▶ Problem to solve: Please output exactly the part of the records below that opens with the line containing "proof (induction A rule: infinite_finite_induct)" and closes with the line containing "(simp add: mult.assoc)", both lines included, and nothing else.

________________________

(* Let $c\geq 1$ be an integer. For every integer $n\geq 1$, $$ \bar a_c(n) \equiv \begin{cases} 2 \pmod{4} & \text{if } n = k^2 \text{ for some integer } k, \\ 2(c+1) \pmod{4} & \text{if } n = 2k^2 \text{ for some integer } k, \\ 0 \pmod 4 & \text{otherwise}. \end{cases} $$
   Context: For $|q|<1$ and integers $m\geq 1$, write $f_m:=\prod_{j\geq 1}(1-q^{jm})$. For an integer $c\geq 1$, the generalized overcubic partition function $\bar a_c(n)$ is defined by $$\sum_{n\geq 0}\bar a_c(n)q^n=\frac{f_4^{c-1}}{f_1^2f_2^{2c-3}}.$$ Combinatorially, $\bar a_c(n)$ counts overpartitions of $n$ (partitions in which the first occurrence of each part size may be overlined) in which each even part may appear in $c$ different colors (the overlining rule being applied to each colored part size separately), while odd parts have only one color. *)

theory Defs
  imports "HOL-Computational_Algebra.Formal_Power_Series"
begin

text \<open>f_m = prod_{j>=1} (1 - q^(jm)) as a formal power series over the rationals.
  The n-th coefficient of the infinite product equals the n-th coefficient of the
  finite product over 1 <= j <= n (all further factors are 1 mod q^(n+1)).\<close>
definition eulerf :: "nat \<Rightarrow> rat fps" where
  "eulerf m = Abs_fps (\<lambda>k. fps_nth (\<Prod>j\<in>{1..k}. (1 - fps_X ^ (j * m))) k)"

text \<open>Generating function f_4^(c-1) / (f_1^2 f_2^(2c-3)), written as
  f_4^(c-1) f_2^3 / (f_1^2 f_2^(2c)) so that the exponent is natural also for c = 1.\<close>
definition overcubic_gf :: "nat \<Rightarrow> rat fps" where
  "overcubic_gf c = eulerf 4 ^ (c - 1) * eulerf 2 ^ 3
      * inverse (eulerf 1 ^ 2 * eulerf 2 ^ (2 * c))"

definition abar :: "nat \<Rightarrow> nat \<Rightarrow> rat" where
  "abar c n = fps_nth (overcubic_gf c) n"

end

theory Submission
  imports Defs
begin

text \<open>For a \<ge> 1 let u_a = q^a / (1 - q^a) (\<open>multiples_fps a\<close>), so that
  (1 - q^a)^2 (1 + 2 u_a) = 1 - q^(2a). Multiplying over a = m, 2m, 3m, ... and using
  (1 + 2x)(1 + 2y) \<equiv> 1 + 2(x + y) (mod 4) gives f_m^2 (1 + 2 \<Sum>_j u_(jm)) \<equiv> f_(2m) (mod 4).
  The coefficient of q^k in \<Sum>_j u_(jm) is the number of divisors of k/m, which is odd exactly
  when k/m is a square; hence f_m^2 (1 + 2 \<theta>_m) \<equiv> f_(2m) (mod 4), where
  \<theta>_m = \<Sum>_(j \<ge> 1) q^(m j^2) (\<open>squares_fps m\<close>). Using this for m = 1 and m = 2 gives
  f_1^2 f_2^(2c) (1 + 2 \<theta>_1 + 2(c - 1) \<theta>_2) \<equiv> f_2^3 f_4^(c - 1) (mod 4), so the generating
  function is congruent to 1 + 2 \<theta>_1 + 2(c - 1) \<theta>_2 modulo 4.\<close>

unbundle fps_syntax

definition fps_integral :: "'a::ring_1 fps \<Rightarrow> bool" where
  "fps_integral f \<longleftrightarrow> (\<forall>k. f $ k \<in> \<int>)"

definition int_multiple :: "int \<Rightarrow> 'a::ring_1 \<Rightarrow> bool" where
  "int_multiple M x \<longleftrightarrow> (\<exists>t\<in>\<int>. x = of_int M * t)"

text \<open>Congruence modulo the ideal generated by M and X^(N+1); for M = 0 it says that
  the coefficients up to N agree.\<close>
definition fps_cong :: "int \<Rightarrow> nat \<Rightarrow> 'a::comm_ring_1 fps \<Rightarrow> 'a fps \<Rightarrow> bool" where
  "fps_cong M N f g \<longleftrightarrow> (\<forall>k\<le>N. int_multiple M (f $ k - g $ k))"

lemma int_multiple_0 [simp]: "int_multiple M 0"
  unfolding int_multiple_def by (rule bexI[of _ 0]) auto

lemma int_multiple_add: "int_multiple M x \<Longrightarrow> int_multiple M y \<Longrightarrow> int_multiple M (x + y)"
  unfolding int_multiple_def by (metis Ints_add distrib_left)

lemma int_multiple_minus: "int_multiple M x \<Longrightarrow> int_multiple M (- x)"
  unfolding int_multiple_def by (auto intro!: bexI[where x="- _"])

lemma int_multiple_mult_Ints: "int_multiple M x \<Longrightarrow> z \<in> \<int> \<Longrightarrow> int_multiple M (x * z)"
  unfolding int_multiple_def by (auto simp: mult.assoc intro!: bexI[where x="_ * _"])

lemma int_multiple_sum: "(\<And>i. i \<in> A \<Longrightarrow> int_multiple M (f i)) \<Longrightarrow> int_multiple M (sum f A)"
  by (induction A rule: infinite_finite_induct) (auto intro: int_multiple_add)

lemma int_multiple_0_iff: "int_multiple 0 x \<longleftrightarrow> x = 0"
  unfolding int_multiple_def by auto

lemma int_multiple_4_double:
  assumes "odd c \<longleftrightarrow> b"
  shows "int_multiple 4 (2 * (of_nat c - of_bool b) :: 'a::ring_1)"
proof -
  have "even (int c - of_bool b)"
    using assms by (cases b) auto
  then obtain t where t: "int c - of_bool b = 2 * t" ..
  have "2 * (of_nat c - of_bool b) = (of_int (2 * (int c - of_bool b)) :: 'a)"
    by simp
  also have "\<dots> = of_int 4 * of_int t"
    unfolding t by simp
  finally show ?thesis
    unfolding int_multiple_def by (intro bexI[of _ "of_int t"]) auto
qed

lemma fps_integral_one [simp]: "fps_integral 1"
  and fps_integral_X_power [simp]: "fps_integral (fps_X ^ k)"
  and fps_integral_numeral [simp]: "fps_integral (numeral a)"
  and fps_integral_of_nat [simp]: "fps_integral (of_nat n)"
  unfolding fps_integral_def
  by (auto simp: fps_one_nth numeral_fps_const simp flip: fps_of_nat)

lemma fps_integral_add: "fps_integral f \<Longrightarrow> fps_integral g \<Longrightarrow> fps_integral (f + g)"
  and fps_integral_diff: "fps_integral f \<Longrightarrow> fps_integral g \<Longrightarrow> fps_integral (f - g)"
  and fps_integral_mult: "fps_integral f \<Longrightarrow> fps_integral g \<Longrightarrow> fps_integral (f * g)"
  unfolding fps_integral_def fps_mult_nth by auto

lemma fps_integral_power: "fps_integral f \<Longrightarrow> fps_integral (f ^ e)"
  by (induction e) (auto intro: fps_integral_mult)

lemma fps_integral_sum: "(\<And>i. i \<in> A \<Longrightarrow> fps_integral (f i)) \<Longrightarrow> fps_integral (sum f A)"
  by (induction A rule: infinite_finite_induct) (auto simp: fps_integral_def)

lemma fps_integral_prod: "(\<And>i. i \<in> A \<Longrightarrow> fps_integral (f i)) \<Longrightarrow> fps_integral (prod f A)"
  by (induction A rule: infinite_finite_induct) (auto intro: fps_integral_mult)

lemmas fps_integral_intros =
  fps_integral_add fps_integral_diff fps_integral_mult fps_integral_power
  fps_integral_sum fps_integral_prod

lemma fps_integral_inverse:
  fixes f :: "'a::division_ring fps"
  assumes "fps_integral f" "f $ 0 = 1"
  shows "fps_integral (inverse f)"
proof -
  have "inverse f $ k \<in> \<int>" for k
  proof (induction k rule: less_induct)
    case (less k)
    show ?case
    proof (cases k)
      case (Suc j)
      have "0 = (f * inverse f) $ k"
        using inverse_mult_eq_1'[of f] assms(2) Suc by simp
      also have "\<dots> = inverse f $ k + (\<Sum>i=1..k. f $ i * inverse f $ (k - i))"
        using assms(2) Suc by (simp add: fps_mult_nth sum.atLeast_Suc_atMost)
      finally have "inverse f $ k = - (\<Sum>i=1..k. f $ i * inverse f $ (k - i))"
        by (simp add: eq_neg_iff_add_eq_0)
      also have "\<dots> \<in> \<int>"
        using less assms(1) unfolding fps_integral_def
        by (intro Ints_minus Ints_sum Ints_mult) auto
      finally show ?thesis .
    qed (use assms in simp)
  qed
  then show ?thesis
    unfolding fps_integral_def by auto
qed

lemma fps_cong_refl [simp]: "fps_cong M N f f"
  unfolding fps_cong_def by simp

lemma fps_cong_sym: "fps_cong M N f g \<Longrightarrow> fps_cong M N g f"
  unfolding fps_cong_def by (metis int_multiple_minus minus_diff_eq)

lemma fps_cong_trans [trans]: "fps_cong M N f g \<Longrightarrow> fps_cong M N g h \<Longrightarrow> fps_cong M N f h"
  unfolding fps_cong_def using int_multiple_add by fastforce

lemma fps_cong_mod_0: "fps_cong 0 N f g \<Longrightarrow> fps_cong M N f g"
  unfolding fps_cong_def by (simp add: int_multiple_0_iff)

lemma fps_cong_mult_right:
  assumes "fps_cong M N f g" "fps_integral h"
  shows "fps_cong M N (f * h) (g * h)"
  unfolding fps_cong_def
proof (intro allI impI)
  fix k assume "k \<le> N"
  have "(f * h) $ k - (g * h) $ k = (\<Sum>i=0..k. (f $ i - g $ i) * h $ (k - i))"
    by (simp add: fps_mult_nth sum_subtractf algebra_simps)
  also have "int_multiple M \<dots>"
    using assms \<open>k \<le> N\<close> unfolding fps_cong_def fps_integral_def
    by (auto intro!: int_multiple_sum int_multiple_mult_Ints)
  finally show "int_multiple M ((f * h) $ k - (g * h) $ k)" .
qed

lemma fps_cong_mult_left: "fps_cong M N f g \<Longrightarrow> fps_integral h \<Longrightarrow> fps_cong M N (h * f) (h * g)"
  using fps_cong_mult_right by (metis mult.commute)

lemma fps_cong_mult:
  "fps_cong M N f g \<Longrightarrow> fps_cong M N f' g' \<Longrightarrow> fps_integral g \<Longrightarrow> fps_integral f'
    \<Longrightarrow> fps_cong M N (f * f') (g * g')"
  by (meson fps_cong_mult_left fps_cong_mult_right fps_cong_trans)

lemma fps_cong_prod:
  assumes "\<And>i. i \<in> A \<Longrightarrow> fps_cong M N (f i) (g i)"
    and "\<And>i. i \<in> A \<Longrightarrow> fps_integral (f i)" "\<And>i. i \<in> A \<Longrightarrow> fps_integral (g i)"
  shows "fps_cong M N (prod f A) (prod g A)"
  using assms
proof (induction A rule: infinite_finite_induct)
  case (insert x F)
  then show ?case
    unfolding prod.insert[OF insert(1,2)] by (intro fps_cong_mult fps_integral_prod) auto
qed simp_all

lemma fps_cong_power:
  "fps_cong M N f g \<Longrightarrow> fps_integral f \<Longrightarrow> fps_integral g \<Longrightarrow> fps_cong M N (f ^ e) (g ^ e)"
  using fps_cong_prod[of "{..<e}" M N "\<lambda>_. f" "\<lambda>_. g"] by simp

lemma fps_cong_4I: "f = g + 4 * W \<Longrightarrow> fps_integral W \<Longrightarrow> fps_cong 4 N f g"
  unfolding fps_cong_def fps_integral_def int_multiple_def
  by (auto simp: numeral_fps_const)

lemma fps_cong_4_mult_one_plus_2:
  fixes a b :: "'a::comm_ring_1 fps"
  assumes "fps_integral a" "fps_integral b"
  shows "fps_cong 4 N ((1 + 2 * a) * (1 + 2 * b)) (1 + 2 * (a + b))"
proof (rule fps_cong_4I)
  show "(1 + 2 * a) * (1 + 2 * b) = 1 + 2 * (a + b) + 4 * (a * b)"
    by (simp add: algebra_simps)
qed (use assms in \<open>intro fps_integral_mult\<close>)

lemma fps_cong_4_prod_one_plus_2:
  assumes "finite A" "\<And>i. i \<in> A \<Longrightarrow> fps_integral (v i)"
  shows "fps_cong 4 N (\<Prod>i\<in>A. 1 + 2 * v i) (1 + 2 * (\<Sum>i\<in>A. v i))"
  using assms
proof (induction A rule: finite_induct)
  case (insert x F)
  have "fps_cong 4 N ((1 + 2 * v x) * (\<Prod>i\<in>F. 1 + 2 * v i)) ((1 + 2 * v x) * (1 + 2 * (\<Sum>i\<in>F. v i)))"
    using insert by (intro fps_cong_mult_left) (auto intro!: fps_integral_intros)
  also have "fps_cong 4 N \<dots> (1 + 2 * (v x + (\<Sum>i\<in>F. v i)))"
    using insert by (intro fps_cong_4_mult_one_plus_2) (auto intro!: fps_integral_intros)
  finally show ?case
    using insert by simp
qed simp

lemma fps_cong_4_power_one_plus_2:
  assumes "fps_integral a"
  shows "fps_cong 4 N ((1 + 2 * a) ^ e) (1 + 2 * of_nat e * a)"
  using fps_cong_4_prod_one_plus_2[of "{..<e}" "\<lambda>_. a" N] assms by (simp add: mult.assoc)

________________________

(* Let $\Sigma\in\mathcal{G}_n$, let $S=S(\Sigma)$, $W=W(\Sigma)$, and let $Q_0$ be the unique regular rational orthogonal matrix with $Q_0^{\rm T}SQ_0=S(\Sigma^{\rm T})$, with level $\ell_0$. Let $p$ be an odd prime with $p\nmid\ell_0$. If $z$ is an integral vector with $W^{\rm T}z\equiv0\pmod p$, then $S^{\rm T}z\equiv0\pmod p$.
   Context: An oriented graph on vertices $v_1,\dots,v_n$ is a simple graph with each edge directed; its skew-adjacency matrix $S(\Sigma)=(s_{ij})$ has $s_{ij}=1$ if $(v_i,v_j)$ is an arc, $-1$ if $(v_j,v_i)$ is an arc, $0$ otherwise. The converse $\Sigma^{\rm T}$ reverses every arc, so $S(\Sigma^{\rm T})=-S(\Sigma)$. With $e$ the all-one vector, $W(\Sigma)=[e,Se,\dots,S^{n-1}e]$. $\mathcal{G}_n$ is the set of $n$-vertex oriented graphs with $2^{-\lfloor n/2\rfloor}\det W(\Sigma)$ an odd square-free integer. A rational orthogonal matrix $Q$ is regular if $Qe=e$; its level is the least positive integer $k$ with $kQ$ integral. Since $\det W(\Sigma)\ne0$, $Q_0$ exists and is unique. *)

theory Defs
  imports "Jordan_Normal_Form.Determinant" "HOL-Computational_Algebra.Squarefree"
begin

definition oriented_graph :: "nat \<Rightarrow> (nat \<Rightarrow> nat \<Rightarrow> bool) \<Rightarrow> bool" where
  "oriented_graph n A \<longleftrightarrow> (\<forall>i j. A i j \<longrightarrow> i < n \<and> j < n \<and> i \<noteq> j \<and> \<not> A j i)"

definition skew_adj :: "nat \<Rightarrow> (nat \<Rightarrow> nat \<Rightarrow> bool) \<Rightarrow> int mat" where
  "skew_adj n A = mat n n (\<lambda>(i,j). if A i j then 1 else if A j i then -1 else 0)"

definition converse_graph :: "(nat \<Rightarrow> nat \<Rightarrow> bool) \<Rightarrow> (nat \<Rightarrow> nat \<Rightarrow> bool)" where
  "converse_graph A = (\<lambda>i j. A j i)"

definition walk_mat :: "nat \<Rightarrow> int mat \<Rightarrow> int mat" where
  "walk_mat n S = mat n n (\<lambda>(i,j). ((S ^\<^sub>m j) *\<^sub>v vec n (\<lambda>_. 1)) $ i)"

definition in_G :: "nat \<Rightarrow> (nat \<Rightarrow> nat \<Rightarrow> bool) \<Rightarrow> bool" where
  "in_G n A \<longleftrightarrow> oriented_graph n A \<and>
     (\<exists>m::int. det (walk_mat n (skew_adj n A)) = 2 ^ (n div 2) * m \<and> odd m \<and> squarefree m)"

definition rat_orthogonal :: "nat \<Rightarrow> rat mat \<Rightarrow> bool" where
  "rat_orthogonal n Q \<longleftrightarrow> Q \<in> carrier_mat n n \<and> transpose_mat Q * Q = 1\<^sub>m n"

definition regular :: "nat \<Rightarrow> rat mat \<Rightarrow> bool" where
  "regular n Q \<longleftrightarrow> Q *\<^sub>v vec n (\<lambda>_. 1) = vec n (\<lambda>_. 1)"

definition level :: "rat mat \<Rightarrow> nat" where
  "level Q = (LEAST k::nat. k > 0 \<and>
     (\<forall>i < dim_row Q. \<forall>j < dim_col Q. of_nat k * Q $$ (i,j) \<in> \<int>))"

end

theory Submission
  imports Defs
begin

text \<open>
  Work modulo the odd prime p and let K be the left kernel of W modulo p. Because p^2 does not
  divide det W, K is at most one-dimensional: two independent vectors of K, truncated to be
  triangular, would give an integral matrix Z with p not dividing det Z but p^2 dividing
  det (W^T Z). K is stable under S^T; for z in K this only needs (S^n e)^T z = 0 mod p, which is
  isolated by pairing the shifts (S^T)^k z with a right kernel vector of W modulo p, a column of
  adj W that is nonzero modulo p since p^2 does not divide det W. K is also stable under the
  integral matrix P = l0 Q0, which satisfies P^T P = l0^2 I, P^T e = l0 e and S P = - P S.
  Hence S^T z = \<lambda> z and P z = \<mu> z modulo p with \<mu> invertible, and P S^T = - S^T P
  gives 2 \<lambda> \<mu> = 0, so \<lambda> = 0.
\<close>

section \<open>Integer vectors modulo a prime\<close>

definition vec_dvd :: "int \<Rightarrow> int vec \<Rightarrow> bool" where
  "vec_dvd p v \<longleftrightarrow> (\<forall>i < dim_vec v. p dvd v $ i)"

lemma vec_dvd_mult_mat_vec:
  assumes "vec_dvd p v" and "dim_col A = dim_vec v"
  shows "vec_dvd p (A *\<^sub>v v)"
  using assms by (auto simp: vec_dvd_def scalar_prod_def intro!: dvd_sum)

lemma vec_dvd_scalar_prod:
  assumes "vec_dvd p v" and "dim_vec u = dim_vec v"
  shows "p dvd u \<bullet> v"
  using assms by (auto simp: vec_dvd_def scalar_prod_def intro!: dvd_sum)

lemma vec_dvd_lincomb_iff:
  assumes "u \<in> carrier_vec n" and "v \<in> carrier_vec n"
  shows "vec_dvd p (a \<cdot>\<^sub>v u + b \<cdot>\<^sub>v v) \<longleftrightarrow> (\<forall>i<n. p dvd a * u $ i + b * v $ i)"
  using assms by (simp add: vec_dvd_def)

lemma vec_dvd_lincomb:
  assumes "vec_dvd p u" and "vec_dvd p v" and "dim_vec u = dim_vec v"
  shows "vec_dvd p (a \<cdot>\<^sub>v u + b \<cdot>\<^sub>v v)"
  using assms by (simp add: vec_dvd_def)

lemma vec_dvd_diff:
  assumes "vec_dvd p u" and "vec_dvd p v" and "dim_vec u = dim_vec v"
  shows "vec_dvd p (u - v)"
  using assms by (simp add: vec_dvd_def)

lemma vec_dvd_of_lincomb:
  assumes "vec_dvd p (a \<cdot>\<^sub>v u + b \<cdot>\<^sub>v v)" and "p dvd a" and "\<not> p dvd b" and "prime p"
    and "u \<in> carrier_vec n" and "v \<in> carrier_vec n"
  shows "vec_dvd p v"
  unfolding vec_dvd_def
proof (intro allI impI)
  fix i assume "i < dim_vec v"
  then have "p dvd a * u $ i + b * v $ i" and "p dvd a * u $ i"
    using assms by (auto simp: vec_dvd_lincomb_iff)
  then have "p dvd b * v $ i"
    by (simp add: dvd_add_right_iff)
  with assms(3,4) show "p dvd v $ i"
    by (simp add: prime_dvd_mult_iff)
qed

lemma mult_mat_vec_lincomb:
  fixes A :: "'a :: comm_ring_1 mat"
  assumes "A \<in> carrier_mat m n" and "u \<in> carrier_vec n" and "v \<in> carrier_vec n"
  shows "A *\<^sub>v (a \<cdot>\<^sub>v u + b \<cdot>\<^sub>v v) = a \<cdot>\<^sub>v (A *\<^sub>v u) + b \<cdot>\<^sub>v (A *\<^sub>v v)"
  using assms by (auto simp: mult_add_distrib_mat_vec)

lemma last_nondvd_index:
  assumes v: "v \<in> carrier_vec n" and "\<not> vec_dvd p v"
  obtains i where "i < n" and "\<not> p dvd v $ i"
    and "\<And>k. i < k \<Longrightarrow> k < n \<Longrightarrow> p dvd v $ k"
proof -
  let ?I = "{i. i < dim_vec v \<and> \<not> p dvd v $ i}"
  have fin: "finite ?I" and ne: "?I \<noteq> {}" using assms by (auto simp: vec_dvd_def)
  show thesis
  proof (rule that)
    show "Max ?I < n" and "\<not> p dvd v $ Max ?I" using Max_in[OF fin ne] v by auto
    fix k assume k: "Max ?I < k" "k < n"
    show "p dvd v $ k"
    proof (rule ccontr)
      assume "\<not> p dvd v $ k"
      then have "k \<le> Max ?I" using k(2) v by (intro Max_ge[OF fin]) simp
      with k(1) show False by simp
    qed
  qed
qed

________________________

▶ Exercise solution:
proof (induction A rule: infinite_finite_induct)
  case (insert x F)
  then show ?case
    unfolding prod.insert[OF insert(1,2)] by (intro fps_cong_mult fps_integral_prod) auto
qed simp_all

lemma fps_cong_power:
  "fps_cong M N f g \<Longrightarrow> fps_integral f \<Longrightarrow> fps_integral g \<Longrightarrow> fps_cong M N (f ^ e) (g ^ e)"
  using fps_cong_prod[of "{..<e}" M N "\<lambda>_. f" "\<lambda>_. g"] by simp

lemma fps_cong_4I: "f = g + 4 * W \<Longrightarrow> fps_integral W \<Longrightarrow> fps_cong 4 N f g"
  unfolding fps_cong_def fps_integral_def int_multiple_def
  by (auto simp: numeral_fps_const)

lemma fps_cong_4_mult_one_plus_2:
  fixes a b :: "'a::comm_ring_1 fps"
  assumes "fps_integral a" "fps_integral b"
  shows "fps_cong 4 N ((1 + 2 * a) * (1 + 2 * b)) (1 + 2 * (a + b))"
proof (rule fps_cong_4I)
  show "(1 + 2 * a) * (1 + 2 * b) = 1 + 2 * (a + b) + 4 * (a * b)"
    by (simp add: algebra_simps)
qed (use assms in \<open>intro fps_integral_mult\<close>)

lemma fps_cong_4_prod_one_plus_2:
  assumes "finite A" "\<And>i. i \<in> A \<Longrightarrow> fps_integral (v i)"
  shows "fps_cong 4 N (\<Prod>i\<in>A. 1 + 2 * v i) (1 + 2 * (\<Sum>i\<in>A. v i))"
  using assms
proof (induction A rule: finite_induct)
  case (insert x F)
  have "fps_cong 4 N ((1 + 2 * v x) * (\<Prod>i\<in>F. 1 + 2 * v i)) ((1 + 2 * v x) * (1 + 2 * (\<Sum>i\<in>F. v i)))"
    using insert by (intro fps_cong_mult_left) (auto intro!: fps_integral_intros)
  also have "fps_cong 4 N \<dots> (1 + 2 * (v x + (\<Sum>i\<in>F. v i)))"
    using insert by (intro fps_cong_4_mult_one_plus_2) (auto intro!: fps_integral_intros)
  finally show ?case
    using insert by simp
qed simp

lemma fps_cong_4_power_one_plus_2:
  assumes "fps_integral a"
  shows "fps_cong 4 N ((1 + 2 * a) ^ e) (1 + 2 * of_nat e * a)"
  using fps_cong_4_prod_one_plus_2[of "{..<e}" "\<lambda>_. a" N] assms by (simp add: mult.assoc)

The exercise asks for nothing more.